– Прочесть 55 томов, написанных Лениным, – волевое решение. Как развить в себе такую волю?
– Да какая там воля, смеетесь? Просто упрямство, ослиное.
– Вы признавались, что роман увидел свет только по одной причине: был установлен дедлайн. Это правда?
– Конечно, правда. Я мог писать его и десять лет, и пятнадцать, до смерти. Просто понимал, что если книга – а это просто еще одна, стомиллионная по счету биография Ленина – не выйдет в 17-м, то никому не будет нужна.
– А помните ли вы, как начиналась работа над книгой?
– Я сто раз рассказывал (и это правда), как на меня выползла на Капри змея из памятника Ленину – будто из черепа коня вещего Олега. И я понял, что это знак: надо писать. И у меня основной файл, в который я писал все, что казалось мне важным про Ленина, называется «КаприЛенинЗмеяВыползла». Он создан летом 2012-го – и до сих пор обновляется, он огромный, мегачерновик такой.
– Нет ли у вас и правда ощущения бреда – ну как же, трачу лучшие годы на изучение трудов Владимира Ильича?
– Меня, честно говоря, подташнивает уже – не от Ленина самого, а от всех этих подсчетов. Мне бы не хотелось оставаться автором одной книги, у меня в голове сейчас уже не Ленин, а, условно говоря, майянские пирамиды и «Гулливер» – правда ли, что это анти-Евангелие XVIII века… Это, конечно, сумасшествие в чистом виде – но по крайней мере каждый раз новое. Тут штука в том, что они, все эти странные картины мира, не отменяют друг друга, а, наоборот, дополняют – просто возникает как бы новый слой всякий раз. Кстати, между Лениным и Фоменко есть прямая связь – Ленин распорядился издать «Христа» народовольца Морозова, который усомнился в традиционной хронологии. А это, собственно, один из предшественников Фоменко.
– Фредерик Бегбедер назвал писательство своего рода недугом, «эдаким странным вирусом, который отделяет автора от других людей и побуждает его совершать бессмысленные поступки». Насколько вы поражены этим «недугом», отделены от общества, в котором живете и для которого пишете?

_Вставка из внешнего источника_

lemma is_cycle_join_paths:
  assumes p: "is_path E x p y" and q: "is_path E x q y" and pq: "set p \<inter> set q = {x, y}"
    and xy: "x \<noteq> y" and len: "length p \<ge> 3"
  shows "is_cycle E (p @ butlast (tl (rev q)))"
    and "set (p @ butlast (tl (rev q))) = set p \<union> set q"
    and "length (p @ butlast (tl (rev q))) = length p + length q - 2"
proof -
  define r where "r = butlast (tl (rev q))"
  have q2: "length q \<ge> 2" using is_path_length_ge2[OF q xy] .
  have q': "rev q \<noteq> []" "hd (rev q) = y" "last (rev q) = x" "distinct (rev q)" "walk E (rev q)"
    using q walk_rev[of E q] unfolding is_path_iff_walk by (auto simp: hd_rev last_rev)
  obtain t where t: "rev q = y # t" using q'(1,2) by (cases "rev q") auto
  have "t \<noteq> []" using q2 arg_cong[OF t, of length] by auto
  moreover have "last t = x" using q'(3) t calculation by simp
  ultimately have tl: "tl (rev q) = r @ [x]" unfolding r_def t by (simp, metis append_butlast_last_id)
  have set_r: "set r = set q - {x, y}"
    using set_butlast_tl[of "rev q"] q' q2 unfolding r_def by auto
  have p': "p \<noteq> []" "hd p = x" "last p = y" "distinct p" "walk E p"
    using p unfolding is_path_iff_walk by simp_all
  have "distinct r" using q'(4) distinct_tl[of "rev q"] unfolding tl by simp
  then have "distinct (p @ r)" using p'(4) set_r pq by auto
  moreover have "walk E (p @ r @ [x])"
    using walk_append_tl[OF p'(5) q'(5) p'(1)] p'(3) q'(2) tl by simp
  moreover have "length (p @ r) \<ge> 3" using len by simp
  ultimately show "is_cycle E (p @ butlast (tl (rev q)))"
    using p'(1,2) is_cycleI[of "p @ r" E] unfolding r_def[symmetric] by simp
  show "set (p @ butlast (tl (rev q))) = set p \<union> set q"
    using set_r pq unfolding r_def[symmetric] by auto
  show "length (p @ butlast (tl (rev q))) = length p + length q - 2"
    using q2 by simp
qed

section \<open>Bisubdivisions of K_{2,3}\<close>

locale K23_bisubdivision =
  fixes E :: "'a set set" and a b :: "nat \<Rightarrow> 'a" and P :: "nat \<Rightarrow> nat \<Rightarrow> 'a list"
  assumes inj_a: "inj_on a {0..<2}" and inj_b: "inj_on b {0..<3}"
    and branches_disjoint: "a ` {0..<2} \<inter> b ` {0..<3} = {}"
    and P_path: "i < 2 \<Longrightarrow> j < 3 \<Longrightarrow> is_path E (a i) (P i j) (b j)"
    and P_odd: "i < 2 \<Longrightarrow> j < 3 \<Longrightarrow> odd (length (P i j) - 1)"
    and inner_P_branches:
      "i < 2 \<Longrightarrow> j < 3 \<Longrightarrow> inner_verts (P i j) \<inter> (a ` {0..<2} \<union> b ` {0..<3}) = {}"
    and inner_P_disjoint: "i < 2 \<Longrightarrow> j < 3 \<Longrightarrow> i' < 2 \<Longrightarrow> j' < 3 \<Longrightarrow> (i, j) \<noteq> (i', j') \<Longrightarrow>
      inner_verts (P i j) \<inter> inner_verts (P i' j') = {}"
begin

lemma a_distinct: "a 0 \<noteq> a 1"
  using inj_onD[OF inj_a, of 0 1] by auto

lemma b_distinct: "j < 3 \<Longrightarrow> k < 3 \<Longrightarrow> j \<noteq> k \<Longrightarrow> b j \<noteq> b k"
  using inj_onD[OF inj_b, of j k] by auto

lemma a_neq_b:
  assumes "i < 2" "j < 3"
  shows "a i \<noteq> b j"
proof -
  have "a i \<in> a ` {0..<2}" "b j \<in> b ` {0..<3}" using assms by auto
  then show ?thesis using branches_disjoint by (metis disjoint_iff)
qed

lemma branch_notin_inner_P:
  assumes "i < 2" "j < 3" "i' < 2" "j' < 3"
  shows "a i' \<notin> inner_verts (P i j)" "b j' \<notin> inner_verts (P i j)"
proof -
  have "a i' \<in> a ` {0..<2}" "b j' \<in> b ` {0..<3}" using assms by auto
  then show "a i' \<notin> inner_verts (P i j)" "b j' \<notin> inner_verts (P i j)"
    using inner_P_branches[OF assms(1,2)] by blast+
qed

lemma set_P: "i < 2 \<Longrightarrow> j < 3 \<Longrightarrow> set (P i j) = {a i, b j} \<union> inner_verts (P i j)"
  using set_is_path[OF P_path a_neq_b] .

lemma length_P:
  assumes "i < 2" "j < 3"
  shows "length (P i j) \<ge> 2" "even (length (P i j))"
proof -
  show "length (P i j) \<ge> 2" using is_path_length_ge2[OF P_path a_neq_b, OF assms assms] .
  then show "even (length (P i j))" using P_odd[OF assms] by presburger
qed

definition theta_path :: "nat \<Rightarrow> 'a list" where
  "theta_path j = P 0 j @ tl (rev (P 1 j))"

lemma theta_path:
  assumes j: "j < 3"
  shows "is_path E (a 0) (theta_path j) (a 1)"
    and "set (theta_path j) = {a 0, a 1, b j} \<union> inner_verts (P 0 j) \<union> inner_verts (P 1 j)"
    and "odd (length (theta_path j))"
proof -
  have set_Pj: "set (P 0 j) = {a 0, b j} \<union> inner_verts (P 0 j)"
    "set (P 1 j) = {a 1, b j} \<union> inner_verts (P 1 j)"
    using set_P j by simp_all
  have "set (P 0 j) \<inter> set (P 1 j) = {b j}"
    unfolding set_Pj
    using branch_notin_inner_P[of 0 j 1 j] branch_notin_inner_P[of 1 j 0 j]
      inner_P_disjoint[of 0 j 1 j] a_distinct a_neq_b[of 0 j] a_neq_b[of 1 j] j
    by auto
  moreover have "is_path E (a 0) (P 0 j) (b j)" "is_path E (a 1) (P 1 j) (b j)"
    using P_path j by simp_all
  ultimately have join: "is_path E (a 0) (theta_path j) (a 1)"
    "set (theta_path j) = set (P 0 j) \<union> set (P 1 j)"
    "length (theta_path j) = length (P 0 j) + length (P 1 j) - 1"
    using is_path_join[of E "a 0" "P 0 j" "b j" "a 1" "P 1 j"] unfolding theta_path_def by simp_all
  show "is_path E (a 0) (theta_path j) (a 1)" by (fact join(1))
  show "set (theta_path j) = {a 0, a 1, b j} \<union> inner_verts (P 0 j) \<union> inner_verts (P 1 j)"
    using join(2) unfolding set_Pj by auto
  have "length (P 0 j) \<ge> 2" "even (length (P 0 j))" "even (length (P 1 j))"
    using length_P j by simp_all
  then show "odd (length (theta_path j))" unfolding join(3) by presburger
qed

– Абсолютно отделен, я вообще социофоб и всю жизнь прожил сам по себе. Я один часто хожу в кино, и один путешествую, и алкоголь употребляю, и мне так нравится. Ну да, может, вся эта деятельность бессмысленная, но этот вирус точно не заразен, на мне он и заканчивается. Я понятия не имею, кто читает, например, «Ленина», и я всегда публично говорю, что это скучная, занудная, местами непролазная книга, там страниц пятьдесят про Второй съезд РСДРП – кому вообще, кроме меня, это может быть интересно? Загадка.
– Остается ли у вас время на жизнь вне литературы? Есть ли потребность жить вне литературы?
– Есть, есть. Просто из-за «литературы» все остальное – которое как раз «вне-литературы» – разваливается. Ну да это пустой разговор.
– На церемонии вручения премии вы сказали, что прекрасно понимали, в какой весовой категории выступили. Что привело вас к победе?
– Конечно, понимал. Все, кто там были, – большие писатели, великие. И я был уверен, что ничего мне там не светит. Да сколько уже можно про «Ленина» – книжка своей жизнью теперь живет, я это не контролирую.
– Как премия повлияла на ваше представление о себе как о писателе? Многое поменялось?
– Вообще ничего. И потом, я знаком с несколькими лауреатами «Большой книги» – по-моему, все они остались точно такими же. Это же все условности, всем про всех все известно – кто чего может написать, кто написал хорошо, а кто туфту. Тут же штука не в премии и даже не в том, что ты «не можешь не писать». Туфту мне и до премии стыдно было писать, и после.
– Для того, чтобы оживить историческую фигуру, обязательно ли пытаться как-то приблизить ее к современности, актуализировать, что ли?